-- Opening Marker --

lemma cp_mono_0_loc_const_in_A_infty:
  assumes "loc_const f" shows "cp_mono 0 f \<in> (\<Union>n. A n)"
proof -
  have fin: "finite (range f)" by (rule loc_const_finite_range[OF compact_UNIV assms])
  have "cp_mono 0 (\<lambda>x. v * chi (f -` {v}) x) \<in> (\<Union>n. A n)" for v
    using star_subalgD(4)[OF star_subalg_A_infty
        cp_mono_0_chi_in_A_infty[OF loc_const_clopen_fibre[OF assms]], of v]
    by (simp add: cp_smult_cp_mono)
  then show ?thesis
    by (subst sum_chi_fibres[OF fin]) (rule star_subalg_cp_mono_sum[OF star_subalg_A_infty fin])
qed

lemma cp_mono_1_CcK_in_A_infty:
  assumes "f \<in> CcK (UNIV - {y})" shows "cp_mono 1 f \<in> (\<Union>n. A n)"
proof -
  obtain n :: nat and c V where V: "\<forall>i<n. clopen_set (V i) \<and> V i \<subseteq> UNIV - {y}"
    and f: "f = (\<lambda>x. \<Sum>i<n. c i * chi (V i) x)" using assms unfolding CcK_def mem_Collect_eq by blast
  have "cp_mono 1 (\<lambda>x. c i * chi (V i) x) \<in> (\<Union>n. A n)" if "i \<in> {..<n}" for i
  proof -
    have "cp_mono 1 (chi (V i)) \<in> (\<Union>n. A n)"
      using V that by (intro cp_mono_chi_in_A_infty) auto
    from star_subalgD(4)[OF star_subalg_A_infty this, of "c i"]
    show ?thesis by (simp add: cp_smult_cp_mono)
  qed
  then show ?thesis
    unfolding f by (rule star_subalg_cp_mono_sum[OF star_subalg_A_infty finite_lessThan])
qed

theorem A_infty_eq_gen:
  "(\<Union>n. A n) = gen_star_subalg T cj ({cp_mono 0 f |f. loc_const f} \<union> {cp_mono 1 f |f. f \<in> CcK (UNIV - {y})})"
  (is "_ = gen_star_subalg T cj ?G")
proof
  have "a \<in> (\<Union>n. A n)" if "a \<in> ?G" for a
    using that by (elim UnE CollectE exE conjE)
      (simp_all only: cp_mono_0_loc_const_in_A_infty cp_mono_1_CcK_in_A_infty)
  then show "gen_star_subalg T cj ?G \<subseteq> (\<Union>n. A n)"
    by (intro gen_star_subalg_least[OF star_subalg_A_infty] subsetI)
next
  have "a \<in> CP" if "a \<in> ?G" for a
    using that by (elim UnE CollectE exE conjE) (simp_all add: cp_mono_in_CP loc_const_CcK)
  then have subalg: "star_subalg T cj (gen_star_subalg T cj ?G)"
    by (intro star_subalg_gen_star_subalg[OF star_subalg_CP_T] subsetI)
  have "A n \<subseteq> gen_star_subalg T cj ?G" for n
  proof -
    have "cp_one \<in> ?G" unfolding cp_one_def by (rule UnI1) (blast intro: loc_const_const)
    moreover have "cp_mono 1 (chi Z) \<in> ?G" if "Z \<in> P n" for Z
    proof -
      have "chi Z \<in> CcK (UNIV - {y})"
        using P_clopen[OF that] y_notin_P[OF that] by (intro chi_in_CcK) auto
      then show ?thesis by (intro UnI2) blast
    qed
    ultimately have "insert cp_one {cp_mono 1 (chi Z) |Z. Z \<in> P n} \<subseteq> ?G" by blast
    then have "insert cp_one {cp_mono 1 (chi Z) |Z. Z \<in> P n} \<subseteq> gen_star_subalg T cj ?G"
      using gen_star_subalg_superset by (rule subset_trans)
    then show ?thesis
      unfolding A_def gen_unital_star_subalg_def by (rule gen_star_subalg_least[OF subalg])
  qed
  then show "(\<Union>n. A n) \<subseteq> gen_star_subalg T cj ?G" by blast
qed

end

theorem lemma4p3:
  fixes T :: "'a::metric_space \<Rightarrow> 'a"
    and cj :: "'k::field \<Rightarrow> 'k"
    and y :: 'a
    and E :: "nat \<Rightarrow> 'a set"
    and P :: "nat \<Rightarrow> 'a set set"
  assumes X_infinite: "infinite (UNIV :: 'a set)"
    and X_compact: "compact (UNIV :: 'a set)"
    and X_tdisc: "totally_disconnected_space TYPE('a)"
    and T_homeo: "\<exists>S. homeomorphism UNIV UNIV T S"
    and cj_add: "\<And>a b. cj (a + b) = cj a + cj b"
    and cj_mult: "\<And>a b. cj (a * b) = cj a * cj b"
    and cj_invol: "\<And>a. cj (cj a) = a"
    and E_clopen: "\<And>n. clopen_set (E n)"
    and E_decr: "\<And>n. E (Suc n) \<subseteq> E n"
    and E_inter: "(\<Inter>n. E n) = {y}"
    and P_finite: "\<And>n. finite (P n)"
    and P_clopen: "\<And>n Z. Z \<in> P n \<Longrightarrow> clopen_set Z"
    and P_nonempty: "\<And>n Z. Z \<in> P n \<Longrightarrow> Z \<noteq> {}"
    and P_disjoint: "\<And>n Z W. Z \<in> P n \<Longrightarrow> W \<in> P n \<Longrightarrow> Z \<noteq> W \<Longrightarrow> Z \<inter> W = {}"
    and P_union: "\<And>n. \<Union>(P n) = UNIV - E n"
    and P_refine: "\<And>n Z. Z \<in> insert (E (Suc n)) (P (Suc n)) \<Longrightarrow>
                     \<exists>W \<in> insert (E n) (P n). Z \<subseteq> W"
    and P_generates: "\<And>U. open U \<longleftrightarrow> generate_topology (\<Union>n. insert (E n) (P n)) U"
  shows "(\<Union>n. gen_unital_star_subalg T cj {cp_mono 1 (chi Z) | Z. Z \<in> P n})
       = gen_star_subalg T cj
           ({cp_mono 0 f | f. loc_const f} \<union> {cp_mono 1 f | f. f \<in> CcK (UNIV - {y})})"
proof -
  obtain S where homeo: "homeomorphism UNIV UNIV T S" using T_homeo by blast
  then have "inv T = S" by (intro inv_equality) (auto simp: homeomorphism_def)
  then have T: "continuous_on UNIV T" "continuous_on UNIV (inv T)" "surj T"
    using homeo by (auto simp: homeomorphism_def)
  have "cj 0 = 0" using cj_add[of 0 0] by (metis add_cancel_right_right add_0)
  moreover have "cj 1 = 1" using cj_mult[of 1 "cj 1"] cj_invol[of 1] by simp
  moreover have "\<And>n. y \<in> E n" using E_inter by blast
  ultimately interpret partitioned_crossed_product y E P T cj
    using X_compact E_clopen P_finite P_clopen P_disjoint P_union P_refine P_generates T
    by unfold_locales
  show ?thesis using A_infty_eq_gen unfolding A_def .
qed

end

-- Closing Marker --

About this task:
Restate the listing in full, word for word.

Problem solution:
lemma cp_mono_0_loc_const_in_A_infty:
  assumes "loc_const f" shows "cp_mono 0 f \<in> (\<Union>n. A n)"
proof -
  have fin: "finite (range f)" by (rule loc_const_finite_range[OF compact_UNIV assms])
  have "cp_mono 0 (\<lambda>x. v * chi (f -` {v}) x) \<in> (\<Union>n. A n)" for v
    using star_subalgD(4)[OF star_subalg_A_infty
        cp_mono_0_chi_in_A_infty[OF loc_const_clopen_fibre[OF assms]], of v]
    by (simp add: cp_smult_cp_mono)
  then show ?thesis
    by (subst sum_chi_fibres[OF fin]) (rule star_subalg_cp_mono_sum[OF star_subalg_A_infty fin])
qed

lemma cp_mono_1_CcK_in_A_infty:
  assumes "f \<in> CcK (UNIV - {y})" shows "cp_mono 1 f \<in> (\<Union>n. A n)"
proof -
  obtain n :: nat and c V where V: "\<forall>i<n. clopen_set (V i) \<and> V i \<subseteq> UNIV - {y}"
    and f: "f = (\<lambda>x. \<Sum>i<n. c i * chi (V i) x)" using assms unfolding CcK_def mem_Collect_eq by blast
  have "cp_mono 1 (\<lambda>x. c i * chi (V i) x) \<in> (\<Union>n. A n)" if "i \<in> {..<n}" for i
  proof -
    have "cp_mono 1 (chi (V i)) \<in> (\<Union>n. A n)"
      using V that by (intro cp_mono_chi_in_A_infty) auto
    from star_subalgD(4)[OF star_subalg_A_infty this, of "c i"]
    show ?thesis by (simp add: cp_smult_cp_mono)
  qed
  then show ?thesis
    unfolding f by (rule star_subalg_cp_mono_sum[OF star_subalg_A_infty finite_lessThan])
qed

theorem A_infty_eq_gen:
  "(\<Union>n. A n) = gen_star_subalg T cj ({cp_mono 0 f |f. loc_const f} \<union> {cp_mono 1 f |f. f \<in> CcK (UNIV - {y})})"
  (is "_ = gen_star_subalg T cj ?G")
proof
  have "a \<in> (\<Union>n. A n)" if "a \<in> ?G" for a
    using that by (elim UnE CollectE exE conjE)
      (simp_all only: cp_mono_0_loc_const_in_A_infty cp_mono_1_CcK_in_A_infty)
  then show "gen_star_subalg T cj ?G \<subseteq> (\<Union>n. A n)"
    by (intro gen_star_subalg_least[OF star_subalg_A_infty] subsetI)
next
  have "a \<in> CP" if "a \<in> ?G" for a
    using that by (elim UnE CollectE exE conjE) (simp_all add: cp_mono_in_CP loc_const_CcK)
  then have subalg: "star_subalg T cj (gen_star_subalg T cj ?G)"
    by (intro star_subalg_gen_star_subalg[OF star_subalg_CP_T] subsetI)
  have "A n \<subseteq> gen_star_subalg T cj ?G" for n
  proof -
    have "cp_one \<in> ?G" unfolding cp_one_def by (rule UnI1) (blast intro: loc_const_const)
    moreover have "cp_mono 1 (chi Z) \<in> ?G" if "Z \<in> P n" for Z
    proof -
      have "chi Z \<in> CcK (UNIV - {y})"
        using P_clopen[OF that] y_notin_P[OF that] by (intro chi_in_CcK) auto
      then show ?thesis by (intro UnI2) blast
    qed
    ultimately have "insert cp_one {cp_mono 1 (chi Z) |Z. Z \<in> P n} \<subseteq> ?G" by blast
    then have "insert cp_one {cp_mono 1 (chi Z) |Z. Z \<in> P n} \<subseteq> gen_star_subalg T cj ?G"
      using gen_star_subalg_superset by (rule subset_trans)
    then show ?thesis
      unfolding A_def gen_unital_star_subalg_def by (rule gen_star_subalg_least[OF subalg])
  qed
  then show "(\<Union>n. A n) \<subseteq> gen_star_subalg T cj ?G" by blast
qed

end

theorem lemma4p3:
  fixes T :: "'a::metric_space \<Rightarrow> 'a"
    and cj :: "'k::field \<Rightarrow> 'k"
    and y :: 'a
    and E :: "nat \<Rightarrow> 'a set"
    and P :: "nat \<Rightarrow> 'a set set"
  assumes X_infinite: "infinite (UNIV :: 'a set)"
    and X_compact: "compact (UNIV :: 'a set)"
    and X_tdisc: "totally_disconnected_space TYPE('a)"
    and T_homeo: "\<exists>S. homeomorphism UNIV UNIV T S"
    and cj_add: "\<And>a b. cj (a + b) = cj a + cj b"
    and cj_mult: "\<And>a b. cj (a * b) = cj a * cj b"
    and cj_invol: "\<And>a. cj (cj a) = a"
    and E_clopen: "\<And>n. clopen_set (E n)"
    and E_decr: "\<And>n. E (Suc n) \<subseteq> E n"
    and E_inter: "(\<Inter>n. E n) = {y}"
    and P_finite: "\<And>n. finite (P n)"
    and P_clopen: "\<And>n Z. Z \<in> P n \<Longrightarrow> clopen_set Z"
    and P_nonempty: "\<And>n Z. Z \<in> P n \<Longrightarrow> Z \<noteq> {}"
    and P_disjoint: "\<And>n Z W. Z \<in> P n \<Longrightarrow> W \<in> P n \<Longrightarrow> Z \<noteq> W \<Longrightarrow> Z \<inter> W = {}"
    and P_union: "\<And>n. \<Union>(P n) = UNIV - E n"
    and P_refine: "\<And>n Z. Z \<in> insert (E (Suc n)) (P (Suc n)) \<Longrightarrow>
                     \<exists>W \<in> insert (E n) (P n). Z \<subseteq> W"
    and P_generates: "\<And>U. open U \<longleftrightarrow> generate_topology (\<Union>n. insert (E n) (P n)) U"
  shows "(\<Union>n. gen_unital_star_subalg T cj {cp_mono 1 (chi Z) | Z. Z \<in> P n})
       = gen_star_subalg T cj
           ({cp_mono 0 f | f. loc_const f} \<union> {cp_mono 1 f | f. f \<in> CcK (UNIV - {y})})"
proof -
  obtain S where homeo: "homeomorphism UNIV UNIV T S" using T_homeo by blast
  then have "inv T = S" by (intro inv_equality) (auto simp: homeomorphism_def)
  then have T: "continuous_on UNIV T" "continuous_on UNIV (inv T)" "surj T"
    using homeo by (auto simp: homeomorphism_def)
  have "cj 0 = 0" using cj_add[of 0 0] by (metis add_cancel_right_right add_0)
  moreover have "cj 1 = 1" using cj_mult[of 1 "cj 1"] cj_invol[of 1] by simp
  moreover have "\<And>n. y \<in> E n" using E_inter by blast
  ultimately interpret partitioned_crossed_product y E P T cj
    using X_compact E_clopen P_finite P_clopen P_disjoint P_union P_refine P_generates T
    by unfold_locales
  show ?thesis using A_infty_eq_gen unfolding A_def .
qed

end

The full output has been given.